-- Opening Marker --

lemma finite_subcover_deg_restrict:
  assumes "V \<subseteq> K" and R: "fuzzy_family V R"
    and L: "\<And>D. D \<subseteq> V \<Longrightarrow> L D \<subseteq> K \<and> L D \<inter> V = D"
    and R': "\<And>E. E \<subseteq> K \<Longrightarrow> E \<inter> V \<noteq> {} \<Longrightarrow> 0 < R' E \<Longrightarrow> E = L (E \<inter> V) \<and> R' E \<le> R (E \<inter> V)"
  shows "finite_subcover_deg K R' \<le> finite_subcover_deg V R"
  unfolding finite_subcover_deg_def[of K]
proof (rule supI_least)
  fix u assume "u \<in> {max 0 (Kcov P' K + FF K P' - 1) | P'. fuzzy_family K P' \<and> (\<forall>B. B \<subseteq> K \<longrightarrow> P' B \<le> R' B)}"
  then obtain P' where P': "fuzzy_family K P'" "\<And>B. B \<subseteq> K \<Longrightarrow> P' B \<le> R' B"
    and u: "u = max 0 (Kcov P' K + FF K P' - 1)" by blast
  define P where "P D = min (R D) (P' (L D))" for D
  have "0 \<le> P D \<and> P D \<le> 1" if "D \<subseteq> V" for D
    using fuzzy_familyD[OF R that] fuzzy_familyD[OF P'(1), of "L D"] L[OF that] unfolding P_def by auto
  then have P: "fuzzy_family V P" unfolding fuzzy_family_def by blast
  have "P' E \<le> P (E \<inter> V)" if "E \<subseteq> K" "E \<inter> V \<noteq> {}" for E
  proof (cases "0 < P' E")
    case True
    then have "E = L (E \<inter> V)" "P' E \<le> R (E \<inter> V)" using R'[OF that] P'(2)[OF that(1)] by auto
    then show ?thesis unfolding P_def by simp
  next
    case False
    then show ?thesis using fuzzy_familyD[OF P, of "E \<inter> V"] by simp
  qed
  then have "Kcov P' K \<le> Kcov P V" by (rule Kcov_le_restrict[OF assms(1) P'(1) P])
  moreover have "FF K P' \<le> FF V P"
  proof (rule FF_le_restrict[OF P'(1)])
    fix D assume "D \<subseteq> V"
    then show "\<exists>E\<subseteq>K. E \<inter> V = D \<and> P D \<le> P' E" using L[of D] by (intro exI[of _ "L D"]) (simp add: P_def)
  qed
  moreover have "Kcov P V + FF V P - 1 \<le> finite_subcover_deg V R"
    by (rule finite_subcover_deg_ge[OF P]) (simp add: P_def)
  ultimately show "u \<le> finite_subcover_deg V R" using finite_subcover_deg_unit[of V R] unfolding u by simp
qed (simp add: finite_subcover_deg_unit)

lemma compact_deg_eq:
  "compact_deg G \<rho> = infI {min 1 (1 - max 0 (Kcov R G + incl_deg G R \<rho> - 1) + finite_subcover_deg G R)
     | R. fuzzy_family G R}"
  unfolding compact_deg_def finite_subcover_deg_def by simp

lemma compact_deg_term_unit:
  assumes "fuzzy_family G R" "fuzzy_family G \<rho>"
  shows "0 \<le> min 1 (1 - max 0 (Kcov R G + incl_deg G R \<rho> - 1) + finite_subcover_deg G R) \<and>
    min 1 (1 - max 0 (Kcov R G + incl_deg G R \<rho> - 1) + finite_subcover_deg G R) \<le> 1"
  using Kcov_unit[OF assms(1)] incl_deg_unit[OF assms] finite_subcover_deg_unit[of G R] by simp

lemma compact_deg_unit:
  assumes "fuzzy_family G \<rho>"
  shows "0 \<le> compact_deg G \<rho> \<and> compact_deg G \<rho> \<le> 1"
  unfolding compact_deg_eq by (rule infI_unit) (use compact_deg_term_unit assms in blast)

lemma compact_deg_le:
  assumes "fuzzy_family G R" "fuzzy_family G \<rho>"
  shows "compact_deg G \<rho> \<le> 1 - max 0 (Kcov R G + incl_deg G R \<rho> - 1) + finite_subcover_deg G R"
proof -
  have "compact_deg G \<rho> \<le> min 1 (1 - max 0 (Kcov R G + incl_deg G R \<rho> - 1) + finite_subcover_deg G R)"
    unfolding compact_deg_eq
    by (rule infI_lower) (use assms compact_deg_term_unit[OF _ assms(2)] in blast)+
  then show ?thesis by simp
qed

lemma compact_deg_greatest:
  assumes "c \<le> 1"
    and "\<And>R. fuzzy_family G R \<Longrightarrow>
      c \<le> 1 - max 0 (Kcov R G + incl_deg G R \<rho> - 1) + finite_subcover_deg G R"
  shows "c \<le> compact_deg G \<rho>"
  unfolding compact_deg_eq by (rule infI_greatest) (use assms in auto)

lemma compact_deg_le_included:
  assumes R: "fuzzy_family G R" and \<rho>: "fuzzy_family G \<rho>" and le: "\<And>B. B \<subseteq> G \<Longrightarrow> R B \<le> \<rho> B"
  shows "compact_deg G \<rho> + Kcov R G - 1 \<le> finite_subcover_deg G R"
proof -
  have "1 \<le> incl_deg G R \<rho>" by (rule incl_deg_greatest) (use le in auto)
  then have "Kcov R G \<le> max 0 (Kcov R G + incl_deg G R \<rho> - 1)" by simp
  then show ?thesis using compact_deg_le[OF R \<rho>] by linarith
qed

lemma compact_deg_finite_subcover:
  assumes R: "fuzzy_family G R" and \<rho>: "fuzzy_family G \<rho>"
    and "1 \<le> Kcov R G" and "1 < incl_deg G R \<rho> + compact_deg G \<rho>"
  shows "\<exists>F. finite F \<and> (\<forall>B\<in>F. B \<subseteq> G \<and> 0 < R B) \<and> G \<subseteq> \<Union>F"
proof -
  have "incl_deg G R \<rho> \<le> max 0 (Kcov R G + incl_deg G R \<rho> - 1)" using assms(3) by simp
  moreover have "compact_deg G \<rho> \<le> 1 - max 0 (Kcov R G + incl_deg G R \<rho> - 1) + finite_subcover_deg G R"
    by (rule compact_deg_le[OF R \<rho>])
  ultimately have "0 < finite_subcover_deg G R" using assms(4) by linarith
  then obtain P where P: "fuzzy_family G P" "\<And>B. B \<subseteq> G \<Longrightarrow> P B \<le> R B" "1 < Kcov P G + FF G P"
    using finite_subcover_deg_posD by blast
  obtain \<delta> where \<delta>: "0 \<le> \<delta>" "\<delta> < Kcov P G" "finite {B. B \<subseteq> G \<and> \<delta> < P B}"
    using FF_finite_level[of "Kcov P G" G P] P(3) Kcov_unit[OF P(1)] by auto
  have "G \<subseteq> \<Union>{B. B \<subseteq> G \<and> \<delta> < P B}" using less_KcovD[OF P(1) _ \<delta>(1,2)] by blast
  moreover have "0 < R B" if "B \<subseteq> G" "\<delta> < P B" for B
    using P(2)[OF that(1)] that(2) \<delta>(1) by linarith
  ultimately show ?thesis using \<delta>(3) by (intro exI[of _ "{B. B \<subseteq> G \<and> \<delta> < P B}"]) blast
qed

-- Closing Marker --

ABOUT THIS TASK: Of all the entries above, repeat only the lines from the line that has "proof (rule FF_le_restrict[OF P'(1)])" to the line that has "by (rule finite_subcover_deg_ge[OF", both lines included, exactly.

RESULT OF THIS TASK:
  proof (rule FF_le_restrict[OF P'(1)])
    fix D assume "D \<subseteq> V"
    then show "\<exists>E\<subseteq>K. E \<inter> V = D \<and> P D \<le> P' E" using L[of D] by (intro exI[of _ "L D"]) (simp add: P_def)
  qed
  moreover have "Kcov P V + FF V P - 1 \<le> finite_subcover_deg V R"
    by (rule finite_subcover_deg_ge[OF P]) (simp add: P_def)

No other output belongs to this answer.